A. Yes, if it satisfies multiple Groups, that many outputs it will pass.
88. Which transformation is more performance-efficient: Router or multiple Filter transformations?
Why?
A. Using the single Router transformation is high performance.
89. What are the operators we used in Filter Transformation?
A. We can use AND, OR operator in Filter transformation.
90. What is Aggregator transformation?
A. Aggregator transformation is an Active transformation, it performs aggregate calculations like sum,
average, count etc, and an aggregator transformation performs calculations on group of rows. It works
same as aggregate functions in SQL SUM ( ), AVG (), Min ( ), MAX ( ).
91. What is Cache file?
A. Few Transformations in informatica will create cache files, which is temporary internal file for the
purpose of improving the performance and applying the required clause.
92. What are the types of caches can generate by Aggregator Transformation? What is aggregate
cache?
A. The integration service creates index cache and data cache in memory to process the aggregator
transformation.
1. Stores the data group in index cache.
2. Stores row level data in data cache.
If the integration service requires more space, it stores the overflow values in cache files.
Aggregate cache:
In the Informatica Aggregator transformation, the "aggregate cache" is a memory area where the
Integration Service temporarily stores data during aggregate calculations. It consists of two components:
an index cache and a data cache.
93. How can we improve performance of aggregate transformation?
Use sorted input: Sort the data before passing into aggregator. The integration service uses
memory to process the aggregator transformation and it does not use cache memory.
Filter the unwanted data before aggregating.
Limit the number of input/output or output ports to reduce the amount of data, the aggregator
transformation stores in the data cache. Those, columns which we don’t use either in calculation
or into target column.
94. What are the ways we can arrange sorter data to supply to Aggregator Transformation?
By using Order by clause in Source Qualifier Transformation
By using Sorter transformation. (When we received source as flat file).
95. What are the different types of aggregate functions?
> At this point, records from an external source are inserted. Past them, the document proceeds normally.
lemma dfs_ordering_vertex_ordering: "dfs_ordering V E \<sigma> \<Longrightarrow> vertex_ordering V \<sigma>"
  unfolding dfs_ordering_def by blast

lemma dfs_rank_pos:
  assumes dfs: "dfs_ordering V E \<sigma>"
  shows "dfs_rank V E (pos V \<sigma>)"
  unfolding dfs_rank_def
proof (intro conjI ballI impI bij_betw_pos)
  let ?r = "pos V \<sigma>"
  have ord: "vertex_ordering V \<sigma>" by (rule dfs_ordering_vertex_ordering[OF dfs])
  then show "vertex_ordering V \<sigma>" .
  have rV: "?r u \<in> {1..card V}" if "u \<in> V" for u
    using bij_betw_apply[OF bij_betw_pos[OF ord] that] .
  fix x y z assume xyz: "x \<in> V" "y \<in> V" "z \<in> V" "?r x < ?r y" "?r y < ?r z" and "E x z"
  define Ly Lz where "Ly = dfs_label E \<sigma> (?r y) y" and "Lz = dfs_label E \<sigma> (?r y) z"
  have "\<not> label_less Ly Lz"
    using dfs rV[of y] rV[of z] xyz apply_pos[OF ord]
    unfolding dfs_ordering_def Ly_def Lz_def by (metis atLeastAtMost_iff less_imp_le_nat)
  moreover have "?r x \<in> Lz"
    using rV[of x] xyz \<open>E x z\<close> apply_pos[OF ord] unfolding Lz_def dfs_label_def by auto
  moreover have "finite Ly" "finite Lz" unfolding Ly_def Lz_def dfs_label_def by auto
  ultimately have "Ly \<noteq> {}" "Max Lz \<le> Max Ly" "?r x \<le> Max Lz"
    unfolding label_less_def by auto
  then have "Max Ly \<in> Ly" "?r x \<le> Max Ly" using \<open>finite Ly\<close> by auto
  then obtain l where l: "l \<in> {1..<?r y}" "E (\<sigma> l) y" "?r x \<le> l"
    unfolding Ly_def dfs_label_def by auto
  have "l \<in> {1..card V}" using l rV[OF \<open>y \<in> V\<close>] by auto
  with l show "\<exists>w\<in>V. ?r x \<le> ?r w \<and> ?r w < ?r y \<and> E w y"
    by (intro bexI[of _ "\<sigma> l"]) (auto simp: pos_apply[OF ord] vertex_ordering_apply[OF ord])
qed

lemma dfs_ordering_if_dfs_rank_pos:
  assumes ord: "vertex_ordering V \<sigma>" and rank: "dfs_rank V E (pos V \<sigma>)"
  shows "dfs_ordering V E \<sigma>"
  unfolding dfs_ordering_def
proof (intro conjI ballI notI ord)
  let ?r = "pos V \<sigma>"
  fix i k assume i: "i \<in> {1..card V}" and k: "k \<in> {i..card V}"
  define Li Lk where "Li = dfs_label E \<sigma> i (\<sigma> i)" and "Lk = dfs_label E \<sigma> i (\<sigma> k)"
  assume "label_less (dfs_label E \<sigma> i (\<sigma> i)) (dfs_label E \<sigma> i (\<sigma> k))"
  then have less: "label_less Li Lk" unfolding Li_def Lk_def .
  have fin: "finite Li" "finite Lk" unfolding Li_def Lk_def dfs_label_def by auto
  have "k \<noteq> i" using less unfolding Li_def Lk_def label_less_def by auto
  have "Lk \<noteq> {}" using less unfolding label_less_def by auto
  then have "Max Lk \<in> Lk" using fin by simp
  then have x: "Max Lk \<in> {1..<i}" "E (\<sigma> (Max Lk)) (\<sigma> k)" unfolding Lk_def dfs_label_def by auto
  have "?r (\<sigma> (Max Lk)) = Max Lk" "?r (\<sigma> i) = i" "?r (\<sigma> k) = k"
    using pos_apply[OF ord] i k x by auto
  then obtain w where w: "w \<in> V" "Max Lk \<le> ?r w" "?r w < i" "E w (\<sigma> i)"
    using dfs_rankD[OF rank, of "\<sigma> (Max Lk)" "\<sigma> i" "\<sigma> k"] vertex_ordering_apply[OF ord] i k x \<open>k \<noteq> i\<close>
    by auto
  have "?r w \<in> Li"
    using w bij_betw_apply[OF bij_betw_pos[OF ord] \<open>w \<in> V\<close>]
    unfolding Li_def dfs_label_def by (auto simp: apply_pos[OF ord])
  then have "Max Lk \<le> Max Li" using fin w by (auto intro: le_trans[OF _ Max_ge])
  with less \<open>?r w \<in> Li\<close> show False unfolding label_less_def by auto
qed
(* Let $\alpha=a/q+\beta$ with $a\in\mathbb{Z}$, $q\in\mathbb{N}$, $(a,q)=1$ and $|\beta|<1/q^2$. For $X\ge 2$, \[ \sum_{n\le X}\mu^2(n)\operatorname{e}(\alpha n^2)\ll \frac{X}{q^{1/4}}+X^{1/2}\log X(\log q)^{1/2}+X^{1/2}q^{1/4}(\log q)^{1/4}. \]
   Context: $\operatorname{e}(x)=\exp(2\pi i x)$; $\mu$ is the Möbius function. $\ll$ denotes an inequality up to an absolute constant. *)

theory Defs
  imports "HOL-Analysis.Analysis" "HOL-Computational_Algebra.Squarefree"
begin

definition e :: "real \<Rightarrow> complex" where
  "e x = exp (2 * of_real pi * \<i> * of_real x)"

text \<open>Moebius function on positive integers (value 0 at 0 by convention, never used).\<close>
definition moebius_mu :: "nat \<Rightarrow> int" where
  "moebius_mu n = (if n = 0 then 0 else if squarefree n then (-1) ^ card (prime_factors n) else 0)"

end

(*
  Since mu(n)^2 is the sum of mu(d) over d with d^2 dividing n, the sum equals the sum over d of
  mu(d) T_d, where T_d is the quadratic Weyl sum of e(alpha d^4 m^2) over m <= X / d^2.

  For d <= D, Weyl differencing bounds |T_d|^2 by sums of min(N, 1 / ||theta h||) with
  theta = 2 alpha d^4. A Dirichlet approximation b / r of theta spreads the points theta h evenly
  modulo 1 along each block of r consecutive h, and the approximation a / q of alpha forces
  q <= 4 d^4 r. This gives |T_d|^2 << X^2 / q + (X / d^2 + q) log q. For d > D the trivial bound
  X / d^2 suffices. Altogether the sum is << X / D + D (X / sqrt q + sqrt (q log q))
  + sqrt (X log q) log X; the theorem follows by taking D near the balancing point
  sqrt (X / (X / sqrt q + sqrt (q log q))), or from the trivial bound X when that is below 1.
*)

theory Submission
  imports Defs
begin
(* Consider the online two-timescale algorithm described in the context, run by every device $n\in\{1,\dots,N\}$ with control parameter $V>0$ and initial queues $Q_n^0=0$. Assume there exist $\delta>0$ and a feasible policy for the original problem such that $\frac1T\mathbb{E}\{\sum_{t\in\mathcal{T}_k}E_n^t\}<\overline{E}_n-\delta$ for all frames $k$ and all $n$. Then $$\lim_{K\to\infty}\frac{1}{KN}\sum_{k=0}^{K-1}\sum_{n=1}^N\mathbb{E}\{Q_n^{kT,*}\}\le\frac{\beta_{2,\mathrm{av}}+VX_{\max,\mathrm{av}}}{\delta},$$ and $$\lim_{K\to\infty}\frac{1}{KTN}\sum_{k=0}^{K-1}\sum_{n=1}^N\sum_{t\in\mathcal{T}_k}\mathbb{E}\{X_n^{t,*}\}\le\frac{\beta_{2,\mathrm{av}}}{V}+X_{\mathrm{av}}^{\mathrm{opt}},$$ where $\beta_{2,\mathrm{av}}=\frac1N\sum_n\beta_{2,n}$, $X_{\max,\mathrm{av}}=\frac1N\sum_nX_{n,\max}$ and $X_{\mathrm{av}}^{\mathrm{opt}}=\frac1N\sum_nX_n^{\mathrm{opt}}$.
   Context: $N$ devices; slots $t=0,1,\dots$ grouped into frames $\mathcal{T}_k=\{kT,\dots,(k+1)T-1\}$. Device $n$ chooses a freezing percentage $\gamma_n^k\in[0,1]$ per frame and a transmit power $p_n^t\in[0,\overline{P}_n]$ per slot; these determine its per-slot energy $E_n^t\in[0,E_{n,\max}]$ (computation plus communication) and success indicator $\mathbb{1}_n^t\in\{0,1\}$ (depending also on the random channel). The penalty is $X_n^t=\lambda\mathbb{1}_n^tB_n(\gamma_n^k-1)$ ($\lambda>0$, data size $B_n$), and $X_{n,\max}=\lambda B_n$. $\overline{E}_n$ is device $n$'s average energy budget. The per-device problem is to minimize $\lim_{K\to\infty}\frac1{KT}\sum_{k<K}\sum_{t\in\mathcal{T}_k}\mathbb{E}\{X_n^t\}$ subject to $\lim_{K\to\infty}\frac1{KT}\sum_{k<K}\sum_{t\in\mathcal{T}_k}\mathbb{E}\{E_n^t\}\le\overline{E}_n$, $0\le\gamma_n^k\le1$, $0\le p_n^t\le\overline{P}_n$; $X_n^{\mathrm{opt}}$ is its optimal value. Virtual queue: $Q_n^{t+1}=\max\{Q_n^t+E_n^t-\overline{E}_n,0\}$. Algorithm: at the start of each frame $k$, given $Q_n^{kT}$, device $n$ chooses $\gamma_n^k$ and its per-slot powers (per-slot powers may depend on the observed channels) to minimize $\mathbb{E}\{\sum_{t\in\mathcal{T}_k}VX_n^t+Q_n^{kT}(E_n^t-\overline{E}_n)\mid Q_n^{kT}\}$, and updates the queue every slot. Superscript $*$ denotes quantities generated by this algorithm. Constants: $\beta_{1,n}=\frac12(E_{n,\max}^2+\overline{E}_n^2)$, $\beta_{2,n}=\beta_{1,n}+\frac{(T-1)[(E_{n,\max}-\overline{E}_n)E_{n,\max}+\overline{E}_n^2]}{2}$. Expectations are over channel randomness. *)

theory Defs
  imports "HOL-Probability.Probability"
begin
The different types of aggregate functions are listed below:
● AVG
● COUNT
● FIRST
● LAST
● MAX
● MEDIAN
● MIN
● PERCENTILE
● STDDEV
● SUM
● VARIANCE
96. What is Nested Aggregate function?
A. min (sum (sal))
In SQL: select min (sum_sal) from (
Select deptno, sum (sal) as sum_sal from emp group by deptno);
97. Why cannot you use both single level and nested aggregate functions in a single aggregate
transformation?
A. The Nested aggregate function returns only one output row, whereas the single level aggregate
function returns more than one row. Since the number of rows returned is not same, you cannot use
both single level and nested aggregate functions in the same transformation. If you include both the
single level and nested functions in the same aggregator, the designer marks the mapping or mapplet
as invalid. So, you need to create separate aggregator transformations.
98. Multiple calculation like sum (), Min (), Max () will support by single aggregator transformation?
A. YES
99. Up to how many levels, you can nest the aggregate functions?
A. We can nest up to two levels only.
Example: MAX (SUM (SAL))
100. How can we get corresponding columns related to result of nested aggregation value?
A. With the help of Joiner and Aggregator transformation
101. How the NULL values are handled in Aggregator? OR
How the NULL values are handled in Expression Transformation?
A. You can configure the integration service to treat null values in aggregator functions as NULL or zero.
By default the integration service treats null values as NULL in aggregate functions.
IIF (Isnull(column_name),0,column_name)
IF Condition
Satisfy ---0 (1st block)
Not satisfy – (2nd block) column_name
102. If i don’t apply any calculation either grouping key column in aggregator transformation what will
be the result?
A. IS (integration service) will consider all records as one group and will apply default calculation which
is nothing but LAST () m function.
103. What is a sorter transformation?
A. Sorter transformation is used to sort the data. You can sort the data either in ascending or
descending order according to a specified sort key.
104. Why sorter is an active transformation?
A. Whenever we use distinct option available in sorter transformation to remove duplicate records
then that particular sorter transformation consider as active transformation.
105. How to improve the performance of a session using sorter transformation?
A. Sort the data using sorter transformation before passing into aggregator or joiner transformation.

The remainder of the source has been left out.